Thoughtstream | Courses

Parsing Techniques for Bioinformatics in Perl

Parsing is the process of detecting and verifying the structure of incoming data and then processing that data so as to make it available within a program in convenient ways.
This full-day tutorial will introduce beginner and intermediate Perl programmers to the wide range of parsing mechanisms available in Perl and explain specific techniques for parsing data in a variety of commonly used formats. Most examples will be based on typical parsing problems encountered in Bioinformatics.
Topics covered include:
simple parsing with regexes

linear parsing with state machines

piece-wise parsing with extractors

structured parsing with grammars

processing comma-separated text

dealing with XML and other tagged formats

dealing with BLAST output and other heterogeneous structured formats

handling queries in synthetic and natural languages

extracting data structures from structured data

processing file inclusions

coping with incomplete, malformed, and ambiguous data

selecting and using appropriate parsing tools from the CPAN

integrating parsing and object oriented programming

data mining (parsing as a data recognition tool)
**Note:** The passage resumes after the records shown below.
lemma proper3_Y_comp_restrict_right:
  assumes "wf_graph G2" "Y_data G1 v1 x1 x2 x3" "Y_data G2 v2 y1 y2 y3"
    and f: "proper3 (Y_comp G1 v1 x1 x2 x3 G2 v2 y1 y2 y3) f"
    and distinct: "f (Inl x1) \<noteq> f (Inl x2) \<and> f (Inl x1) \<noteq> f (Inl x3) \<and> f (Inl x2) \<noteq> f (Inl x3)"
  shows "proper3 G2 (\<lambda>b. f (Y_lift x1 x2 x3 y1 y2 y3 b))"
  unfolding proper3_iff_inj_on_incident
proof (intro conjI allI ballI)
  have x: "x1 \<in> edges G1" "x2 \<in> edges G1" "x3 \<in> edges G1"
    using assms(2) by (auto simp: Y_data_def incident_def)
  show "f (Y_lift x1 x2 x3 y1 y2 y3 b) \<in> {1,2,3}" if "b \<in> edges G2" for b
    using that f x by (auto simp: proper3_def Y_lift_def Y_comp_def)
  have dist: "x1 \<noteq> x2" "x1 \<noteq> x3" "x2 \<noteq> x3" "y1 \<noteq> y2" "y1 \<noteq> y3" "y2 \<noteq> y3"
    using assms(2,3) by (auto simp: Y_data_def)
  show "inj_on (\<lambda>b. f (Y_lift x1 x2 x3 y1 y2 y3 b)) (incident G2 w)" for w
  proof (cases "w = v2")
    case True
    then show ?thesis using assms(3) distinct dist by (auto simp: Y_data_def Y_lift_def)
  next
    case False
    show ?thesis
      by (rule inj_on_incident_pullback[OF f _ Y_comp_incident_Inr[OF assms(1-3) False]])
        (simp_all add: inj_on_subset[OF inj_Y_lift[OF dist(1-3)]])
  qed
qed
(* For all $g,g'\in\mathbb R$ and all $p,q\in\Delta_d^{\mathcal S}$, \[ \ell^\Theta_{\mathrm C,\infty}\bigl(\mathcal G_g(p),\mathcal G_{g'}(q)\bigr)\le\ell^\Theta_{\mathrm C,\infty}(p,q)+\Delta^{-1/2}|g-g'|. \]
   Context: Finite state set $\mathcal S=\{1,\dots,m\}$ with a transition matrix $P=(P_{ij})$ (induced by a fixed policy in a finite MDP). $R_{ij}$ is the finite-valued $[0,1]$-valued random one-step reward conditioned on transition $i\to j$; $\nu^{(g)}_{ij}:=\mathrm{Law}(R_{ij}-g)$. $\Theta=\{\theta_1<\dots<\theta_d\}$ with constant stride $\Delta>0$; $\Delta_d$ the probability simplex of $\mathbb R^d$; $\Delta_d^{\mathcal S}$ families $(p_i)_{i\in\mathcal S}$, $p_i\in\Delta_d$. For $u\in\Delta_d$, $\eta^{u,0}:=\sum_ku_k\delta_{\theta_k}$. Categorical projection $\Pi^\Theta_{\mathrm C}$: $\delta_x\mapsto\delta_{\theta_1}$ if $x\le\theta_1$, $\delta_{\theta_d}$ if $x\ge\theta_d$, $\frac{\theta_{k+1}-x}{\Delta}\delta_{\theta_k}+\frac{x-\theta_k}{\Delta}\delta_{\theta_{k+1}}$ if $\theta_k\le x\le\theta_{k+1}$, extended linearly to laws. $\mathcal G_g(p)$ is the unique $q\in\Delta_d^{\mathcal S}$ with $\eta^{q_i,0}=\Pi^\Theta_{\mathrm C}(\sum_jP_{ij}(\nu^{(g)}_{ij}\ast\eta^{p_j,0}))$ for all $i$. Coordinate Cramér metric: $F_u(\theta_k):=\sum_{j\le k}u_j$, $\ell^\Theta_{\mathrm C}(u,v)^2:=\Delta\sum_{k=1}^{d-1}(F_u(\theta_k)-F_v(\theta_k))^2$, $\ell^\Theta_{\mathrm C,\infty}(p,q):=\max_i\ell^\Theta_{\mathrm C}(p_i,q_i)$. *)

theory Defs
  imports "HOL-Probability.Probability"
begin

definition atom :: "real \<Rightarrow> real \<Rightarrow> nat \<Rightarrow> real" where
  "atom th1 Dl k = th1 + real (k - 1) * Dl"

definition prob_simplex :: "nat \<Rightarrow> (nat \<Rightarrow> real) set" where
  "prob_simplex d = {u. (\<forall>k\<in>{1..d}. 0 \<le> u k) \<and> (\<Sum>k=1..d. u k) = 1}"

text \<open>Coefficient vector of the categorical projection of the Dirac mass at x:
  Pi(delta_x) = sum_l cat_coef x l * delta_{theta_l}.\<close>
definition cat_coef :: "real \<Rightarrow> real \<Rightarrow> nat \<Rightarrow> real \<Rightarrow> nat \<Rightarrow> real" where
  "cat_coef th1 Dl d x l =
     (if x \<le> atom th1 Dl 1 then (if l = 1 then 1 else 0)
      else if x \<ge> atom th1 Dl d then (if l = d then 1 else 0)
      else (let k = nat \<lfloor>(x - th1) / Dl\<rfloor> + 1 in
            if l = k then (atom th1 Dl (k+1) - x) / Dl
            else if l = k + 1 then (x - atom th1 Dl k) / Dl
            else 0))"
(* For all $n,k\in\mathbb N$ there exists $N\in\mathbb N$ such that every finite strongly connected digraph $D$ on at least $N$ vertices contains one of the following: (1) a dicycle on at least $n$ vertices; (2) an $n$-narrow semi-chain $(C_1,C_2,\ldots,C_k)$ of $k$ dicycles; (3) an $n$-short $(m,1)$-system of dipaths for some $m\ge (k-1)n+3$.
   Context: All digraphs are finite; a dipath is a directed path, a dicycle a directed cycle, and lengths count edges. A sequence $(C_1,\ldots,C_k)$ of dicycles is a semi-chain if for all $1\le i,j\le k$ we have $V(C_i)\cap V(C_j)\ne\emptyset$ if and only if $|i-j|=1$; it is $n$-narrow if $|V(C_i)|<n$ for every $i$. Let $x,y$ be two, possibly equal, vertices and $m,\ell$ positive integers. An $(m,\ell)$-system of $x$--$y$ dipaths is a system of $m+\ell$ internally disjoint dipaths (or dicycles through $x$ in case $x=y$), $m$ of which are $x$--$y$ dipaths and $\ell$ of which are $y$--$x$ dipaths; an $(m,\ell)$-system of dipaths is such a system for some $x,y$. It is $n$-short if, in case $x\ne y$, $|V(P)\cup V(Q)|<n$ for every $x$--$y$ dipath $P$ and every $y$--$x$ dipath $Q$ of the system, and, in case $x=y$, every dicycle of the system has length less than $n$. *)

theory Defs
  imports Main
begin

text \<open>A (finite) digraph is given by a vertex set V and an arc relation E with E \<subseteq> V \<times> V.
  Dipaths and dicycles are represented as lists of distinct vertices.\<close>

definition dipath :: "('a \<times> 'a) set \<Rightarrow> 'a list \<Rightarrow> bool" where
  "dipath E P \<longleftrightarrow> P \<noteq> [] \<and> distinct P \<and>
     (\<forall>i. Suc i < length P \<longrightarrow> (P ! i, P ! Suc i) \<in> E)"

definition dicycle :: "('a \<times> 'a) set \<Rightarrow> 'a list \<Rightarrow> bool" where
  "dicycle E C \<longleftrightarrow> dipath E C \<and> (last C, hd C) \<in> E"

definition strongly_connected :: "'a set \<Rightarrow> ('a \<times> 'a) set \<Rightarrow> bool" where
  "strongly_connected V E \<longleftrightarrow> (\<forall>u\<in>V. \<forall>v\<in>V. (u, v) \<in> E\<^sup>*)"

definition semi_chain :: "('a \<times> 'a) set \<Rightarrow> 'a list list \<Rightarrow> bool" where
  "semi_chain E Cs \<longleftrightarrow> (\<forall>C\<in>set Cs. dicycle E C) \<and>
     (\<forall>i<length Cs. \<forall>j<length Cs. i \<noteq> j \<longrightarrow>
        (set (Cs ! i) \<inter> set (Cs ! j) \<noteq> {} \<longleftrightarrow> (i = Suc j \<or> j = Suc i)))"

definition narrow :: "nat \<Rightarrow> 'a list list \<Rightarrow> bool" where
  "narrow n Cs \<longleftrightarrow> (\<forall>C\<in>set Cs. card (set C) < n)"

definition interior :: "'a list \<Rightarrow> 'a set" where
  "interior P = set (butlast (tl P))"

text \<open>An (m,l)-system of x--y dipaths: Ps lists m+l distinct, internally disjoint objects;
  the first m are x--y dipaths and the last l are y--x dipaths (x \<noteq> y), or, if x = y,
  all of them are dicycles through x (written starting at x) pairwise meeting only in x.\<close>
definition dipath_system ::
  "('a \<times> 'a) set \<Rightarrow> 'a \<Rightarrow> 'a \<Rightarrow> nat \<Rightarrow> nat \<Rightarrow> 'a list list \<Rightarrow> bool" where
  "dipath_system E x y m l Ps \<longleftrightarrow> 0 < m \<and> 0 < l \<and> length Ps = m + l \<and> distinct Ps \<and>
     (if x = y then
        (\<forall>P\<in>set Ps. dicycle E P \<and> hd P = x) \<and>
        (\<forall>i<m+l. \<forall>j<m+l. i \<noteq> j \<longrightarrow> set (Ps ! i) \<inter> set (Ps ! j) = {x})
      else
        (\<forall>i<m. dipath E (Ps ! i) \<and> hd (Ps ! i) = x \<and> last (Ps ! i) = y) \<and>
        (\<forall>i. m \<le> i \<and> i < m + l \<longrightarrow> dipath E (Ps ! i) \<and> hd (Ps ! i) = y \<and> last (Ps ! i) = x) \<and>
        (\<forall>i<m+l. \<forall>j<m+l. i \<noteq> j \<longrightarrow> interior (Ps ! i) \<inter> interior (Ps ! j) = {}))"

definition short_system :: "nat \<Rightarrow> 'a \<Rightarrow> 'a \<Rightarrow> nat \<Rightarrow> nat \<Rightarrow> 'a list list \<Rightarrow> bool" where
  "short_system n x y m l Ps \<longleftrightarrow>
     (if x = y then (\<forall>P\<in>set Ps. length P < n)
      else (\<forall>i<m. \<forall>j. m \<le> j \<and> j < m + l \<longrightarrow> card (set (Ps ! i) \<union> set (Ps ! j)) < n))"

end

theory Submission
  imports Defs
begin

text \<open>
  Suppose every dicycle has fewer than n vertices and put M = k n + 3.

  If some vertex r has more than n M^n out-neighbours, fix an in-tree of shortest dipaths
  towards r. For every out-neighbour y of r, the arc r y followed by the tree path from y
  is a dicycle, so these tree paths have fewer than n vertices. Their union is a tree of
  depth less than n with more than n M^n vertices, so some vertex z has more than M
  children in it. Tree paths through distinct children of z are disjoint above z; started
  at r and ended at z, they form together with the tree path from z back to r an
  (m,1)-system (a system of dicycles through r if z = r). It is n-short because each of
  its r-z dipaths, together with the return path, lies on one of the dicycles above.

  Otherwise all out-degrees are at most n M^n + 1, so a large digraph has a vertex v at
  distance at least k n from a fixed vertex x. Every arc lies on a dicycle, so x and v are
  joined by a chain of dicycles in which consecutive members meet. A shortest such chain
  is a semi-chain, and because each member has fewer than n vertices it has at least
  k members.
\<close>

section \<open>Trees of bounded depth and branching\<close>

lemma card_level_le:
  fixes d :: "'a \<Rightarrow> nat"
  assumes "finite S"
    and root: "\<And>u v. u \<in> S \<Longrightarrow> v \<in> S \<Longrightarrow> d u = 0 \<Longrightarrow> d v = 0 \<Longrightarrow> u = v"
    and parent: "\<And>v. v \<in> S \<Longrightarrow> 0 < d v \<Longrightarrow> p v \<in> S \<and> Suc (d (p v)) = d v"
    and branching: "\<And>u. card {v \<in> S. 0 < d v \<and> p v = u} \<le> M"
  shows "card {v \<in> S. d v = j} \<le> M ^ j"
proof (induction j)
  case 0
  show ?case
    using root \<open>finite S\<close> by (simp add: card_le_Suc0_iff_eq)
next
  case (Suc j)
  have "{v \<in> S. d v = Suc j} \<subseteq> (\<Union>u \<in> {v \<in> S. d v = j}. {v \<in> S. 0 < d v \<and> p v = u})"
    using parent by fastforce
  then have "card {v \<in> S. d v = Suc j} \<le> card (\<Union>u \<in> {v \<in> S. d v = j}. {v \<in> S. 0 < d v \<and> p v = u})"
    using \<open>finite S\<close> by (intro card_mono) auto
  also have "\<dots> \<le> (\<Sum>u \<in> {v \<in> S. d v = j}. card {v \<in> S. 0 < d v \<and> p v = u})"
    by (rule card_UN_le) (simp add: \<open>finite S\<close>)
  also have "\<dots> \<le> card {v \<in> S. d v = j} * M"
    using sum_bounded_above[of _ "\<lambda>u. card {v \<in> S. 0 < d v \<and> p v = u}"] branching by simp
  also have "\<dots> \<le> M ^ Suc j"
    using Suc.IH by (simp add: mult.commute)
  finally show ?case .
qed
(* Suppose that Assumptions (A1) and (A2) hold. Then there is a constant $C>0$ depending only on $\alpha$, $\gamma$, the constants in (A1) and (A2), and $\|V\|_{L^\infty}$ (independent of $\epsilon\in(0,1]$) such that every solution $(u,m)$ of Problem 1 satisfies $\int_0^1 m\,dx\le C$.
   Context: Let $\mathbb{T}=\mathbb{R}/\mathbb{Z}$ be the one-dimensional torus; functions on $\mathbb{T}$ are identified with $1$-periodic functions on $\mathbb{R}$, and integrals over $\mathbb{T}$ are written $\int_0^1$. Let $H:\mathbb{R}\to\mathbb{R}$ be of class $C^2$, $V:\mathbb{T}\to\mathbb{R}$ continuous, $\alpha>0$, and $0<\epsilon\le 1$. We say $(u,m)$ solves Problem 1 if $u,m\in C^2(\mathbb{T})$, $m>0$ on $\mathbb{T}$, and on $\mathbb{T}$: $$u-u_{xx}+H(u_x)+V(x)=m^\alpha+\epsilon(m-m_{xx}),\qquad m-m_{xx}-(H'(u_x)m)_x=1-\epsilon(u-u_{xx}).$$ Assumptions: (A1) there exist constants $C_1,C_2,C_3>0$ and $\gamma>1$ such that $-C_1+C_2|p|^\gamma\le H(p)\le C_1+C_3|p|^\gamma$ for all $p\in\mathbb{R}$. (A2) There exist constants $\tilde C_1,\tilde C_2,\tilde C_3>0$ such that $-\tilde C_1+\tilde C_2|p|^\gamma\le pH'(p)-H(p)\le \tilde C_1+\tilde C_3|p|^\gamma$ for all $p$ (same $\gamma$ as in (A1)). *)

theory Defs
  imports "HOL-Analysis.Analysis"
begin

text \<open>Functions on the torus R/Z are identified with 1-periodic functions on R.\<close>
definition periodic1 :: "(real \<Rightarrow> real) \<Rightarrow> bool" where
  "periodic1 f \<longleftrightarrow> (\<forall>x. f (x + 1) = f x)"

definition C2 :: "(real \<Rightarrow> real) \<Rightarrow> bool" where
  "C2 f \<longleftrightarrow> (\<forall>x. f differentiable (at x)) \<and> (\<forall>x. deriv f differentiable (at x))
           \<and> continuous_on UNIV (deriv (deriv f))"

definition sup_norm_T :: "(real \<Rightarrow> real) \<Rightarrow> real" where
  "sup_norm_T V = (SUP x\<in>{0..1}. \<bar>V x\<bar>)"

definition solves_problem1 ::
  "(real \<Rightarrow> real) \<Rightarrow> (real \<Rightarrow> real) \<Rightarrow> real \<Rightarrow> real \<Rightarrow> (real \<Rightarrow> real) \<Rightarrow> (real \<Rightarrow> real) \<Rightarrow> bool" where
  "solves_problem1 H V \<alpha> \<epsilon> u m \<longleftrightarrow>
     C2 u \<and> C2 m \<and> periodic1 u \<and> periodic1 m \<and> (\<forall>x. m x > 0) \<and>
     (\<forall>x. u x - deriv (deriv u) x + H (deriv u x) + V x
            = m x powr \<alpha> + \<epsilon> * (m x - deriv (deriv m) x)) \<and>
     (\<forall>x. m x - deriv (deriv m) x - deriv (\<lambda>y. deriv H (deriv u y) * m y) x
            = 1 - \<epsilon> * (u x - deriv (deriv u) x))"

end

theory Submission
  imports Defs
begin

text \<open>
  Integrating the second equation over the torus gives the mass identity
  \<open>\<integral>m - 1 + \<epsilon>\<integral>u = 0\<close>. Multiplying the first equation by \<open>m\<close>, the second by \<open>u\<close>
  and subtracting, all derivative terms integrate to zero, and (A2) together with
  \<open>V \<le> \<parallel>V\<parallel>\<^sub>\<infinity>\<close> yields \<open>-\<integral>u + \<epsilon>\<integral>u\<^sup>2 \<le> K\<integral>m\<close> where \<open>K\<close> is
  \<open>\<parallel>V\<parallel>\<^sub>\<infinity>\<close> plus the constant bounding \<open>H(p) - pH'(p)\<close> in (A2).
  Eliminating \<open>\<epsilon>\<integral>u = 1 - \<integral>m\<close> and using Jensen's inequality \<open>(\<integral>u)\<^sup>2 \<le> \<integral>u\<^sup>2\<close> leads
  to \<open>\<integral>m (\<integral>m - 1) \<le> K \<integral>m\<close>, hence \<open>\<integral>m \<le> 1 + K\<close>.
\<close>

lemma C2_has_real_derivative:
  assumes "C2 f"
  shows "(f has_real_derivative deriv f x) (at x)"
    and "(deriv f has_real_derivative deriv (deriv f) x) (at x)"
  using assms unfolding C2_def by (auto simp: DERIV_deriv_iff_real_differentiable)

lemma periodic1_deriv:
  assumes "periodic1 f" and "\<And>x. f differentiable at x"
  shows "periodic1 (deriv f)"
  unfolding periodic1_def
proof
  fix x
  have shift: "(\<lambda>y. f (y + 1)) = f"
    using assms(1) unfolding periodic1_def by auto
  have "(f has_real_derivative deriv f (x + 1)) (at (x + 1))"
    using assms(2) DERIV_deriv_iff_real_differentiable by blast
  then have "(f has_real_derivative deriv f (x + 1)) (at x)"
    by (simp add: DERIV_shift shift)
  moreover have "(f has_real_derivative deriv f x) (at x)"
    using assms(2) DERIV_deriv_iff_real_differentiable by blast
  ultimately show "deriv f (x + 1) = deriv f x"
    by (rule DERIV_unique)
qed

lemma has_integral_deriv_periodic1:
  assumes "periodic1 f" and "\<And>x. (f has_real_derivative f' x) (at x)"
  shows "(f' has_integral 0) {0..1}"
proof -
  have "(f' has_integral (f 1 - f 0)) {0..1}"
    using assms(2)
    by (intro fundamental_theorem_of_calculus)
       (auto simp: has_real_derivative_iff_has_vector_derivative[symmetric] intro: DERIV_subset)
  moreover have "f 1 = f 0"
    using assms(1) unfolding periodic1_def by (metis add_0)
  ultimately show ?thesis by simp
qed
error detection and consistency checking (parsing as a data validation tool) structured I/O (parsing as a data acquisition tool)

recognition and extraction (parsing as a data search tool)

hierarchical data processing (parsing as a data transformation tool)

task specific languages (parsing as a command specification tool)

Course format

1-day or 2-day seminar

Who should attend

Perl programmers in bioinformatics-related fields who are familiar with simple regular expressions and the use of modules. The techniques presented are not restricted to the particular applications mentioned, and will be useful to anyone who needs to process structured bioinformatics data of any kind.